British Defence Minister Grant Shapps is travelling to Cyprus on Wednesday to meet with officials and staff at the United Kingdom’s British bases.

Shapps’ trip to Cyprus is part of a regional tour, during which he will also visit the Palestinian Territories and Israel. He is being accompanied on the visits by head of the British Armed Forces Admiral Sir Tony Radkin.

Speaking in the British Parliament regarding his trip, he said his country’s objectives “include to demonstrate and reaffirm the UK’s continued support for Israel, while continuing to press for adherence to international humanitarian law [and] to emphasise the importance the UK places on humanitarian aid reaching Gaza.”

Asked by an opposition MP regarding the role the bases in Cyprus are playing in the conflict, he said “the RAF bases in Cyprus are a very useful asset. They are being used, for example, to provide support to our military in the area.”

He added, “I can assure her that we have provided no offensive military weapons to Israel during this conflict.”

Shapps’ trip to Gaza comes after reports surfaced on Tuesday that the UK could provide ships to deliver humanitarian aid and would conduct surveillance flights to find hostages over the eastern Mediterranean.

The reports stated that the aircraft will be unarmed, will not have a combat role, and will be tasked solely to locate hostages, the UK government said, adding that only information relating to hostage rescue will be passed to the relevant authorities responsible for hostage rescue.

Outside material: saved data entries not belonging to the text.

lemma beta_dist_eq_2_if_ribbon_exchange:
  assumes lam: "is_partition lam" and mu: "is_partition mu" and "ribbon_exchange lam mu"
  shows "beta_dist lam mu = 2"
proof -
  define nu where "nu = pinter lam mu"
  have nu: "is_partition nu"
    unfolding nu_def using is_partition_pinter[OF lam mu] .
  have "adds_ribbon nu lam" "adds_ribbon nu mu"
    using assms(3) psubset_eq_pinter[of lam mu] psubset_eq_pinter[of mu lam]
    unfolding adds_ribbon_def ribbon_exchange_def nu_def by (simp_all add: pinter_def min.commute)
  then obtain p a q b where "p < a" "q < b"
    and bump_lam: "\<forall>t. beta_count lam t = beta_count nu t + of_bool (p < t \<and> t \<le> a)"
    and bump_mu: "\<forall>t. beta_count mu t = beta_count nu t + of_bool (q < t \<and> t \<le> b)"
    unfolding adds_ribbon_def ribbon_iff_beta_count_bump[OF nu lam] ribbon_iff_beta_count_bump[OF nu mu]
    by meson
  have disjoint: "\<not> (p < t \<and> t \<le> a \<and> q < t \<and> t \<le> b)" for t
    using bump_lam bump_mu beta_count_pinter[OF lam mu, of t] unfolding nu_def by auto
  have "p \<noteq> q"
    using disjoint[of "max p q + 1"] \<open>p < a\<close> \<open>q < b\<close> by auto
  have "a \<noteq> b"
    using disjoint[of "min a b"] \<open>p < a\<close> \<open>q < b\<close> by auto
  have "beta_numbers lam - beta_numbers nu = {a}" "beta_numbers nu - beta_numbers lam = {p}"
    "beta_numbers mu - beta_numbers nu = {b}" "beta_numbers nu - beta_numbers mu = {q}"
    using beta_count_bump_iff_bead_move[OF nu lam \<open>p < a\<close>] beta_count_bump_iff_bead_move[OF nu mu \<open>q < b\<close>]
      bump_lam bump_mu by simp_all
  then have moved: "x \<in> beta_numbers lam \<and> x \<notin> beta_numbers nu \<longleftrightarrow> x = a"
    "x \<in> beta_numbers nu \<and> x \<notin> beta_numbers lam \<longleftrightarrow> x = p"
    "x \<in> beta_numbers mu \<and> x \<notin> beta_numbers nu \<longleftrightarrow> x = b"
    "x \<in> beta_numbers nu \<and> x \<notin> beta_numbers mu \<longleftrightarrow> x = q" for x
    by blast+
  have "x \<in> beta_numbers lam - beta_numbers mu \<longleftrightarrow> x = a \<or> x = q" for x
    using moved[of x] \<open>p \<noteq> q\<close> \<open>a \<noteq> b\<close> by auto
  moreover have "a \<noteq> q"
    using moved(1)[of a] moved(4)[of q] by blast
  ultimately have "beta_numbers lam - beta_numbers mu = {a, q}" "a \<noteq> q"
    by blast+
  then show ?thesis
    unfolding beta_dist_def by simp
qed

lemma ribbon_exchange_commute: "ribbon_exchange mu lam \<longleftrightarrow> ribbon_exchange lam mu"
  unfolding ribbon_exchange_def pinter_def by (auto simp: min.commute)

lemma ribbon_exchange_if_interleaved:
  assumes lam: "is_partition lam" and mu: "is_partition mu"
    and lam_mu: "beta_numbers lam - beta_numbers mu = {a, b}"
    and mu_lam: "beta_numbers mu - beta_numbers lam = {c, e}"
    and "b < a" "e < c" "c < a" and size: "psize lam = psize mu"
  shows "ribbon_exchange lam mu"
proof -
  have "b \<noteq> e"
    using lam_mu mu_lam by blast
  have diff: "int (beta_count lam t) - int (beta_count mu t) =
      of_bool (t \<le> a) + of_bool (t \<le> b) - of_bool (t \<le> c) - of_bool (t \<le> e)" for t
    using beta_count_diff[OF lam mu, of t] \<open>b < a\<close> \<open>e < c\<close> unfolding lam_mu mu_lam by simp
  have "b < e" \<comment> \<open>otherwise \<open>mu \<subseteq> lam\<close>, impossible for distinct partitions of equal size\<close>
  proof (rule ccontr)
    assume "\<not> b < e"
    then have "beta_count mu t \<le> beta_count lam t" for t
      using diff[of t] \<open>b \<noteq> e\<close> \<open>b < a\<close> \<open>e < c\<close> \<open>c < a\<close>
      by (auto simp: of_bool_def split: if_splits)
    then have "mu = lam"
      using psubset_eq_psize_eq[OF mu lam] psubset_eq_iff_beta_count_le[OF mu lam] size by simp
    then show False
      using lam_mu by simp
  qed
  define nu where "nu = pinter lam mu"
  have nu: "is_partition nu"
    unfolding nu_def using is_partition_pinter[OF lam mu] .
  have "beta_count lam t = beta_count nu t + of_bool (c < t \<and> t \<le> a)"
    "beta_count mu t = beta_count nu t + of_bool (b < t \<and> t \<le> e)" for t
    using diff[of t] beta_count_pinter[OF lam mu, of t] \<open>b < e\<close> \<open>e < c\<close> \<open>c < a\<close>
    unfolding nu_def by (auto simp: of_bool_def split: if_splits)
  then have "adds_ribbon nu lam" "adds_ribbon nu mu"
    unfolding adds_ribbon_def ribbon_iff_beta_count_bump[OF nu lam] ribbon_iff_beta_count_bump[OF nu mu]
    using \<open>b < e\<close> \<open>c < a\<close> by blast+
  then show ?thesis
    using card_skew[OF nu lam] card_skew[OF nu mu] size
    unfolding ribbon_exchange_def adds_ribbon_def nu_def by simp
qed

“In response to the situation in Israel and Gaza, we are working with international partners to de-escalate the conflict, reinforce stability and support humanitarian efforts in the region. Any use of UK bases will be in line with these objectives,” the British defence ministry had told the Cyprus Mail.

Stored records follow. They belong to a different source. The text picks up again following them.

(* Under the setting below, for all $u,u'\in\Omega_\beta$, $\|S(u)-S(u')\|^2\ge\sigma\|u-u'\|^2$.
   Context: Let $k\ge2$, $L,\beta>0$, $\sigma>1$, $C_1,C_2>1$, and $\Phi_0:(-L-\beta,L+\beta)^k\to\mathbb R$ of class $C^2$ with, for all $x$ in its domain, $(\partial_1\Phi_0(x))^2\ge C_1^{k-1}C_2\sigma^k$ and $(\partial_j\Phi_0(x))^2\le\frac{(C_1-1)(C_2-1)}{k-1}\sigma$ for $2\le j\le k$. Let $\gamma>0$ with $\gamma^{-2}=C_1\sigma$, $\Gamma(x)=(\gamma^{-(j-1)}x_j)_{j=1}^k$, $\Omega_\beta=\Gamma^{-1}((-L-\beta,L+\beta)^k)$, and $S:\Omega_\beta\to\mathbb R^k$, $S(u)=(u_2/\gamma,\dots,u_k/\gamma,\gamma^{k-1}\Phi_0(\Gamma u))$. $\|\cdot\|$ is the Euclidean norm. (In the paper, $\sigma$ is moreover chosen larger than a threshold $S_k(k+2)$; this is not used here.) *)

theory Defs
  imports "HOL-Analysis.Analysis"
begin

text \<open>Coordinates of \<open>real^'n\<close> are enumerated as \<open>x_1,...,x_k\<close> via a bijection
  \<open>e :: nat \<Rightarrow> 'n\<close> from \<open>{1..k}\<close> onto the index type, so \<open>x_j = x $ e j\<close>.\<close>

definition C2_on :: "'a::euclidean_space set \<Rightarrow> ('a \<Rightarrow> real) \<Rightarrow> bool" where
  "C2_on S f \<longleftrightarrow> (\<exists>(f' :: 'a \<Rightarrow> 'a \<Rightarrow>\<^sub>L real) (f'' :: 'a \<Rightarrow> 'a \<Rightarrow>\<^sub>L ('a \<Rightarrow>\<^sub>L real)).
      (\<forall>x\<in>S. (f has_derivative blinfun_apply (f' x)) (at x) \<and>
              (f' has_derivative blinfun_apply (f'' x)) (at x)) \<and>
      continuous_on S f'')"

definition partial_j :: "(nat \<Rightarrow> 'n::finite) \<Rightarrow> nat \<Rightarrow> (real^'n \<Rightarrow> real) \<Rightarrow> real^'n \<Rightarrow> real" where
  "partial_j e j f x = frechet_derivative f (at x) (axis (e j) 1)"

definition cube :: "real \<Rightarrow> (real^'n::finite) set" where
  "cube a = {x. \<forall>i. -a < x $ i \<and> x $ i < a}"

definition Gam :: "nat \<Rightarrow> (nat \<Rightarrow> 'n::finite) \<Rightarrow> real \<Rightarrow> real^'n \<Rightarrow> real^'n" where
  "Gam k e \<gamma> x = (\<chi> i. (inverse \<gamma>) ^ (inv_into {1..k} e i - 1) * x $ i)"

definition Smap :: "nat \<Rightarrow> (nat \<Rightarrow> 'n::finite) \<Rightarrow> real \<Rightarrow> (real^'n \<Rightarrow> real) \<Rightarrow> real^'n \<Rightarrow> real^'n" where
  "Smap k e \<gamma> \<Phi>0 u = (\<chi> i. let j = inv_into {1..k} e i in
      if j < k then u $ e (j + 1) / \<gamma> else \<gamma> ^ (k - 1) * \<Phi>0 (Gam k e \<gamma> u))"

end

theory Submission
  imports Defs
begin

(* Write d = u - u'. The first k - 1 components of S(u) - S(u') are d_j / gamma (j >= 2), contributing
   C1 sigma sum_{j>=2} d_j^2. By the mean value theorem on the segment from Gamma u' to Gamma u, the
   last component is A + B with A = gamma^(k-1) p_1 d_1 and B = sum_{j>=2} gamma^(k-j) p_j d_j, where
   p_j are the partial derivatives of Phi0 at an intermediate point. Since gamma^2 C1 sigma = 1, the
   bound on p_1 gives A^2 >= C2 sigma d_1^2; Cauchy-Schwarz and gamma <= 1 give
   B^2 <= (C1 - 1)(C2 - 1) sigma sum_{j>=2} d_j^2. Finally (A + B)^2 >= A^2 / C2 - B^2 / (C2 - 1). *)

lemma power2_add_ge_weighted:
  fixes A B C :: real
  assumes "C > 1"
  shows "A\<^sup>2 / C - B\<^sup>2 / (C - 1) \<le> (A + B)\<^sup>2"
proof -
  have "C * (C - 1) * ((A + B)\<^sup>2 - (A\<^sup>2 / C - B\<^sup>2 / (C - 1))) = ((C - 1) * A + C * B)\<^sup>2"
    using assms by (simp add: field_simps power2_eq_square)
  moreover have "C * (C - 1) > 0"
    using assms by simp
  ultimately show ?thesis
    by (metis diff_ge_0_iff_ge zero_le_mult_iff zero_le_power2 not_less)
qed

lemma sum_mult_power2_le:
  fixes a d :: "'a \<Rightarrow> real" and M :: real
  assumes "\<And>j. j \<in> J \<Longrightarrow> (a j)\<^sup>2 \<le> M"
  shows "(\<Sum>j\<in>J. a j * d j)\<^sup>2 \<le> card J * M * (\<Sum>j\<in>J. (d j)\<^sup>2)"
proof -
  have "(\<Sum>j\<in>J. a j * d j)\<^sup>2 \<le> (\<Sum>j\<in>J. (a j)\<^sup>2 * (d j)\<^sup>2) * card J"
    using sum_squared_le_sum_of_squares[of "\<lambda>j. a j * d j" J] by (simp add: power_mult_distrib)
  also have "\<dots> \<le> (\<Sum>j\<in>J. M * (d j)\<^sup>2) * card J"
    by (intro mult_right_mono sum_mono) (simp_all add: assms)
  finally show ?thesis
    by (simp add: sum_distrib_left mult_ac)
qed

Cyprus, too, is looking into providing humanitarian aid to Gaza, with President Nikos Christodoulides having visited Egypt and Jordan with the aim of progressing his effort towards creating a humanitarian aid corridor between the island and Gaza.

On the matter of the use of Akrotiri in the conflict, a UK-based website by the name of Declassified UK had said it had counted a total of 33 flights made by the RAF between Akrotiri and Tel Aviv in the first month after the Hamas attack on October 7.

In response at the time, the British defence ministry said “the RAF has operated 17 flights into Tel Aviv in order to support the UK’s diplomatic engagement in the country as well as to assist with the departure of British nationals.”

“None of these flights transported any lethal aid for foreign nations,” they added.